• **YOUR TASK**
Every line of the listing should be transcribed exactly, with nothing left out.

++++ DATA SHOWN ++++

lemma sum_card_edges_eq_sum_degrees:
  assumes "finite V" "finite E" "\<forall>e\<in>E. e \<subseteq> V"
  shows "(\<Sum>e\<in>E. card e) = (\<Sum>u\<in>V. card {e\<in>E. u \<in> e})"
proof -
  have "(\<Sum>e\<in>E. card e) = (\<Sum>e\<in>E. \<Sum>u\<in>V. if u \<in> e then 1 else 0)"
  proof (rule sum.cong)
    fix e assume "e \<in> E"
    then have "V \<inter> {u. u \<in> e} = e" using assms(3) by blast
    then show "card e = (\<Sum>u\<in>V. if u \<in> e then 1 else 0)" using assms(1) by (simp add: sum.If_cases)
  qed simp
  also have "\<dots> = (\<Sum>u\<in>V. \<Sum>e\<in>E. if u \<in> e then 1 else 0)" by (rule sum.swap)
  also have "\<dots> = (\<Sum>u\<in>V. card {e\<in>E. u \<in> e})"
  proof (rule sum.cong)
    fix u
    have "E \<inter> {e. u \<in> e} = {e\<in>E. u \<in> e}" by blast
    then show "(\<Sum>e\<in>E. if u \<in> e then 1 else 0) = card {e\<in>E. u \<in> e}"
      using assms(2) by (simp add: sum.If_cases)
  qed simp
  finally show ?thesis .
qed

locale complete_multipartite =
  fixes V :: "'a set" and E :: "'a set set" and P :: "'a set set"
  assumes simple: "simple_graph V E"
    and multipartite: "complete_multipartite_wrt V E P"
begin

lemma partition: "partition_on V P"
  using multipartite by (simp add: complete_multipartite_wrt_def)

lemma adjacent_iff: "u \<in> V \<Longrightarrow> v \<in> V \<Longrightarrow> {u, v} \<in> E \<longleftrightarrow> u \<noteq> v \<and> \<not> (\<exists>A\<in>P. u \<in> A \<and> v \<in> A)"
  using multipartite by (simp add: complete_multipartite_wrt_def)

lemma finite_P: "finite P"
  using finite_elements[OF _ partition] simple by (simp add: simple_graph_def)

lemma part_subset: "A \<in> P \<Longrightarrow> A \<subseteq> V"
  using partition_onD1[OF partition] by blast

lemma clique_card_le:
  assumes "is_clique V E C"
  shows "card C \<le> card P"
proof -
  define part where "part y = (SOME A. A \<in> P \<and> y \<in> A)" for y
  have CV: "C \<subseteq> V" using assms by (simp add: is_clique_def)
  have part: "part y \<in> P \<and> y \<in> part y" if "y \<in> C" for y
    unfolding part_def using that CV
    by (metis (no_types, lifting) partition_on_partE[OF partition] someI_ex subsetD)
  have "inj_on part C"
  proof (rule inj_onI, rule ccontr)
    fix x y assume xy: "x \<in> C" "y \<in> C" "part x = part y" "x \<noteq> y"
    then have "{x, y} \<in> E" using assms by (simp add: is_clique_def)
    moreover have "part x \<in> P" "x \<in> part x" "y \<in> part x" using part xy by metis+
    ultimately show False using adjacent_iff CV xy(1,2) by blast
  qed
  moreover have "part ` C \<subseteq> P" using part by blast
  ultimately show ?thesis using card_inj_on_le finite_P by blast
qed

lemma transversal_clique:
  assumes "\<forall>B\<in>P. h B \<in> B"
  shows "is_clique V E (h ` P)" and "card (h ` P) = card P"
proof -
  show "is_clique V E (h ` P)"
    unfolding is_clique_def
  proof (intro conjI ballI impI)
    show "h ` P \<subseteq> V" using assms part_subset by blast
    fix x y assume "x \<in> h ` P" "y \<in> h ` P" "x \<noteq> y"
    then obtain A B where AB: "A \<in> P" "B \<in> P" "x = h A" "y = h B" "A \<noteq> B" by blast
    then have "\<not> (\<exists>C\<in>P. x \<in> C \<and> y \<in> C)"
      using assms partition_on_part_unique[OF partition] by metis
    moreover have "x \<in> V" "y \<in> V" using AB assms part_subset by blast+
    ultimately show "{x, y} \<in> E" using adjacent_iff \<open>x \<noteq> y\<close> by blast
  qed
  have "inj_on h P"
    using assms partition_on_part_unique[OF partition] by (metis inj_onI)
  then show "card (h ` P) = card P" by (rule card_image)
qed

lemma edge_clique_num_eq:
  assumes "e \<in> E"
  shows "edge_clique_num V E e = card P"
proof (rule antisym)
  obtain C where "is_clique V E C" "card C = edge_clique_num V E e"
    using edge_clique_numE[OF simple assms] by blast
  then show "edge_clique_num V E e \<le> card P" using clique_card_le by metis
next
  obtain u v where uv: "e = {u, v}" "u \<noteq> v" "u \<in> V" "v \<in> V"
    using simple_graph_edgeE[OF simple assms] by blast
  obtain Au Av where parts: "Au \<in> P" "u \<in> Au" "Av \<in> P" "v \<in> Av"
    using partition_on_partE[OF partition] uv(3,4) by metis
  then have "Au \<noteq> Av" using adjacent_iff assms uv by blast
  obtain h0 where h0: "\<forall>B\<in>P. h0 B \<in> B" using partition_on_choice[OF partition] .
  define h where "h = h0(Au := u, Av := v)"
  have h: "\<forall>B\<in>P. h B \<in> B" using h0 parts by (simp add: h_def)
  have "e \<subseteq> h ` P"
    using parts \<open>Au \<noteq> Av\<close> uv(1) unfolding h_def by (auto intro!: image_eqI)
  then show "card P \<le> edge_clique_num V E e"
    using edge_clique_num_ge[OF simple transversal_clique(1)[OF h]] transversal_clique(2)[OF h]
    by simp
qed

lemma degree:
  assumes "A \<in> P" "u \<in> A"
  shows "card {e\<in>E. u \<in> e} = card V - card A"
proof -
  have uV: "u \<in> V" using assms part_subset by blast
  have "{e\<in>E. u \<in> e} = (\<lambda>v. {u, v}) ` (V - A)"
  proof
    show "{e\<in>E. u \<in> e} \<subseteq> (\<lambda>v. {u, v}) ` (V - A)"
    proof
      fix e assume e: "e \<in> {e\<in>E. u \<in> e}"
      then obtain a b where ab: "e = {a, b}" "a \<in> V" "b \<in> V"
        by (metis (no_types, lifting) mem_Collect_eq simple_graph_edgeE[OF simple])
      define v where "v = (if a = u then b else a)"
      have v: "e = {u, v}" "v \<in> V" using ab e by (auto simp: v_def insert_commute)
      then have "v \<notin> A" using e adjacent_iff[OF uV] assms by blast
      then show "e \<in> (\<lambda>v. {u, v}) ` (V - A)" using v by blast
    qed
    show "(\<lambda>v. {u, v}) ` (V - A) \<subseteq> {e\<in>E. u \<in> e}"
      using adjacent_iff[OF uV] partition_on_part_unique[OF partition] assms by blast
  qed
  moreover have "inj_on (\<lambda>v. {u, v}) (V - A)" by (auto simp: inj_on_def doubleton_eq_iff)
  ultimately have "card {e\<in>E. u \<in> e} = card (V - A)" by (simp add: card_image)
  also have "\<dots> = card V - card A"
    using part_subset[OF assms(1)] simple by (simp add: card_Diff_subset finite_subset simple_graph_def)
  finally show ?thesis .
qed

end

++++

• **THE COMPLETED TASK**
lemma sum_card_edges_eq_sum_degrees:
  assumes "finite V" "finite E" "\<forall>e\<in>E. e \<subseteq> V"
  shows "(\<Sum>e\<in>E. card e) = (\<Sum>u\<in>V. card {e\<in>E. u \<in> e})"
proof -
  have "(\<Sum>e\<in>E. card e) = (\<Sum>e\<in>E. \<Sum>u\<in>V. if u \<in> e then 1 else 0)"
  proof (rule sum.cong)
    fix e assume "e \<in> E"
    then have "V \<inter> {u. u \<in> e} = e" using assms(3) by blast
    then show "card e = (\<Sum>u\<in>V. if u \<in> e then 1 else 0)" using assms(1) by (simp add: sum.If_cases)
  qed simp
  also have "\<dots> = (\<Sum>u\<in>V. \<Sum>e\<in>E. if u \<in> e then 1 else 0)" by (rule sum.swap)
  also have "\<dots> = (\<Sum>u\<in>V. card {e\<in>E. u \<in> e})"
  proof (rule sum.cong)
    fix u
    have "E \<inter> {e. u \<in> e} = {e\<in>E. u \<in> e}" by blast
    then show "(\<Sum>e\<in>E. if u \<in> e then 1 else 0) = card {e\<in>E. u \<in> e}"
      using assms(2) by (simp add: sum.If_cases)
  qed simp
  finally show ?thesis .
qed

locale complete_multipartite =
  fixes V :: "'a set" and E :: "'a set set" and P :: "'a set set"
  assumes simple: "simple_graph V E"
    and multipartite: "complete_multipartite_wrt V E P"
begin

lemma partition: "partition_on V P"
  using multipartite by (simp add: complete_multipartite_wrt_def)

lemma adjacent_iff: "u \<in> V \<Longrightarrow> v \<in> V \<Longrightarrow> {u, v} \<in> E \<longleftrightarrow> u \<noteq> v \<and> \<not> (\<exists>A\<in>P. u \<in> A \<and> v \<in> A)"
  using multipartite by (simp add: complete_multipartite_wrt_def)

lemma finite_P: "finite P"
  using finite_elements[OF _ partition] simple by (simp add: simple_graph_def)

lemma part_subset: "A \<in> P \<Longrightarrow> A \<subseteq> V"
  using partition_onD1[OF partition] by blast

lemma clique_card_le:
  assumes "is_clique V E C"
  shows "card C \<le> card P"
proof -
  define part where "part y = (SOME A. A \<in> P \<and> y \<in> A)" for y
  have CV: "C \<subseteq> V" using assms by (simp add: is_clique_def)
  have part: "part y \<in> P \<and> y \<in> part y" if "y \<in> C" for y
    unfolding part_def using that CV
    by (metis (no_types, lifting) partition_on_partE[OF partition] someI_ex subsetD)
  have "inj_on part C"
  proof (rule inj_onI, rule ccontr)
    fix x y assume xy: "x \<in> C" "y \<in> C" "part x = part y" "x \<noteq> y"
    then have "{x, y} \<in> E" using assms by (simp add: is_clique_def)
    moreover have "part x \<in> P" "x \<in> part x" "y \<in> part x" using part xy by metis+
    ultimately show False using adjacent_iff CV xy(1,2) by blast
  qed
  moreover have "part ` C \<subseteq> P" using part by blast
  ultimately show ?thesis using card_inj_on_le finite_P by blast
qed

lemma transversal_clique:
  assumes "\<forall>B\<in>P. h B \<in> B"
  shows "is_clique V E (h ` P)" and "card (h ` P) = card P"
proof -
  show "is_clique V E (h ` P)"
    unfolding is_clique_def
  proof (intro conjI ballI impI)
    show "h ` P \<subseteq> V" using assms part_subset by blast
    fix x y assume "x \<in> h ` P" "y \<in> h ` P" "x \<noteq> y"
    then obtain A B where AB: "A \<in> P" "B \<in> P" "x = h A" "y = h B" "A \<noteq> B" by blast
    then have "\<not> (\<exists>C\<in>P. x \<in> C \<and> y \<in> C)"
      using assms partition_on_part_unique[OF partition] by metis
    moreover have "x \<in> V" "y \<in> V" using AB assms part_subset by blast+
    ultimately show "{x, y} \<in> E" using adjacent_iff \<open>x \<noteq> y\<close> by blast
  qed
  have "inj_on h P"
    using assms partition_on_part_unique[OF partition] by (metis inj_onI)
  then show "card (h ` P) = card P" by (rule card_image)
qed

lemma edge_clique_num_eq:
  assumes "e \<in> E"
  shows "edge_clique_num V E e = card P"
proof (rule antisym)
  obtain C where "is_clique V E C" "card C = edge_clique_num V E e"
    using edge_clique_numE[OF simple assms] by blast
  then show "edge_clique_num V E e \<le> card P" using clique_card_le by metis
next
  obtain u v where uv: "e = {u, v}" "u \<noteq> v" "u \<in> V" "v \<in> V"
    using simple_graph_edgeE[OF simple assms] by blast
  obtain Au Av where parts: "Au \<in> P" "u \<in> Au" "Av \<in> P" "v \<in> Av"
    using partition_on_partE[OF partition] uv(3,4) by metis
  then have "Au \<noteq> Av" using adjacent_iff assms uv by blast
  obtain h0 where h0: "\<forall>B\<in>P. h0 B \<in> B" using partition_on_choice[OF partition] .
  define h where "h = h0(Au := u, Av := v)"
  have h: "\<forall>B\<in>P. h B \<in> B" using h0 parts by (simp add: h_def)
  have "e \<subseteq> h ` P"
    using parts \<open>Au \<noteq> Av\<close> uv(1) unfolding h_def by (auto intro!: image_eqI)
  then show "card P \<le> edge_clique_num V E e"
    using edge_clique_num_ge[OF simple transversal_clique(1)[OF h]] transversal_clique(2)[OF h]
    by simp
qed

lemma degree:
  assumes "A \<in> P" "u \<in> A"
  shows "card {e\<in>E. u \<in> e} = card V - card A"
proof -
  have uV: "u \<in> V" using assms part_subset by blast
  have "{e\<in>E. u \<in> e} = (\<lambda>v. {u, v}) ` (V - A)"
  proof
    show "{e\<in>E. u \<in> e} \<subseteq> (\<lambda>v. {u, v}) ` (V - A)"
    proof
      fix e assume e: "e \<in> {e\<in>E. u \<in> e}"
      then obtain a b where ab: "e = {a, b}" "a \<in> V" "b \<in> V"
        by (metis (no_types, lifting) mem_Collect_eq simple_graph_edgeE[OF simple])
      define v where "v = (if a = u then b else a)"
      have v: "e = {u, v}" "v \<in> V" using ab e by (auto simp: v_def insert_commute)
      then have "v \<notin> A" using e adjacent_iff[OF uV] assms by blast
      then show "e \<in> (\<lambda>v. {u, v}) ` (V - A)" using v by blast
    qed
    show "(\<lambda>v. {u, v}) ` (V - A) \<subseteq> {e\<in>E. u \<in> e}"
      using adjacent_iff[OF uV] partition_on_part_unique[OF partition] assms by blast
  qed
  moreover have "inj_on (\<lambda>v. {u, v}) (V - A)" by (auto simp: inj_on_def doubleton_eq_iff)
  ultimately have "card {e\<in>E. u \<in> e} = card (V - A)" by (simp add: card_image)
  also have "\<dots> = card V - card A"
    using part_subset[OF assms(1)] simple by (simp add: card_Diff_subset finite_subset simple_graph_def)
  finally show ?thesis .
qed

end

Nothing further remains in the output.